Collected data entries:
========================

lemma order_adherence_le_upper_bound:
  fixes E :: "'a::{ordered_real_vector, lattice} set"
  assumes arch: "archimedean_vl TYPE('a)" and reg: "regular_sublattice E"
    and f: "f \<in> order_adherence E" and "0 \<le> f"
    and upper: "\<And>e. e \<in> E \<Longrightarrow> 0 \<le> e \<Longrightarrow> e \<le> f \<Longrightarrow> e \<le> u"
  shows "f \<le> u"
proof -
  have E0: "0 \<in> E" and lE: "\<And>x. x \<in> E \<Longrightarrow> sup x 0 \<in> E"
    using reg subspace_0 unfolding regular_sublattice_def vl_sublattice_def by auto
  obtain N G where N: "N \<noteq> bot" "eventually (\<lambda>x. x \<in> E) N" and G: "is_inf_in UNIV G 0"
    and ev: "\<And>g. g \<in> G \<Longrightarrow> eventually (\<lambda>x. f - g \<le> x \<and> x \<le> f + g) N"
    using f by (metis order_adherenceE)
  have "f - u \<le> k" if "k \<in> G" for k
  proof -
    define X where "X = {x \<in> E. 0 \<le> x \<and> f - k \<le> x}"
    have approx: "\<exists>x\<in>X. x \<le> f + k'" if "k' \<in> G" for k'
    proof -
      obtain x where "x \<in> E" "f - k \<le> x" "x \<le> f + k'"
        using eventually_happens'[OF N(1) eventually_conj[OF N(2) eventually_conj[OF ev[OF \<open>k \<in> G\<close>] ev[OF \<open>k' \<in> G\<close>]]]]
        by blast
      then show ?thesis
        using lE \<open>0 \<le> f\<close> is_inf_in_lower[OF G \<open>k' \<in> G\<close>]
        by (intro bexI[of _ "sup x 0"]) (auto simp: X_def intro: le_supI1 add_nonneg_nonneg)
    qed
    then obtain x0 where "x0 \<in> X" using \<open>k \<in> G\<close> by blast
    have "f - k \<le> u"
    proof (rule regular_sublattice_lower_bound_le[OF arch reg _ \<open>x0 \<in> X\<close> E0])
      fix l assume "l \<in> E" and "\<forall>x\<in>X. l \<le> x"
      have "l - f \<le> k'" if "k' \<in> G" for k'
      proof -
        obtain x where "x \<in> X" "x \<le> f + k'" using approx \<open>k' \<in> G\<close> by blast
        then show ?thesis using \<open>\<forall>x\<in>X. l \<le> x\<close> by (auto simp: diff_le_eq add.commute)
      qed
      then have "l - f \<le> 0" by (rule is_inf_in_greatest[OF G UNIV_I])
      then have "sup l 0 \<le> u"
        using upper[of "sup l 0"] lE[OF \<open>l \<in> E\<close>] \<open>0 \<le> f\<close> by simp
      then show "l \<le> u" by simp
    qed (auto simp: X_def)
    then show ?thesis by (simp add: algebra_simps)
  qed
  then have "f - u \<le> 0" by (rule is_inf_in_greatest[OF G UNIV_I])
  then show "f \<le> u" by simp
qed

========================

**PROBLEM STATEMENT:** Word for word, restate the lines above from the line containing "E \<Longrightarrow> sup" through the line containing "using f by (metis order_adherenceE)", with both included and nothing else.

**TASK SOLUTION:**
  have E0: "0 \<in> E" and lE: "\<And>x. x \<in> E \<Longrightarrow> sup x 0 \<in> E"
    using reg subspace_0 unfolding regular_sublattice_def vl_sublattice_def by auto
  obtain N G where N: "N \<noteq> bot" "eventually (\<lambda>x. x \<in> E) N" and G: "is_inf_in UNIV G 0"
    and ev: "\<And>g. g \<in> G \<Longrightarrow> eventually (\<lambda>x. f - g \<le> x \<and> x \<le> f + g) N"
    using f by (metis order_adherenceE)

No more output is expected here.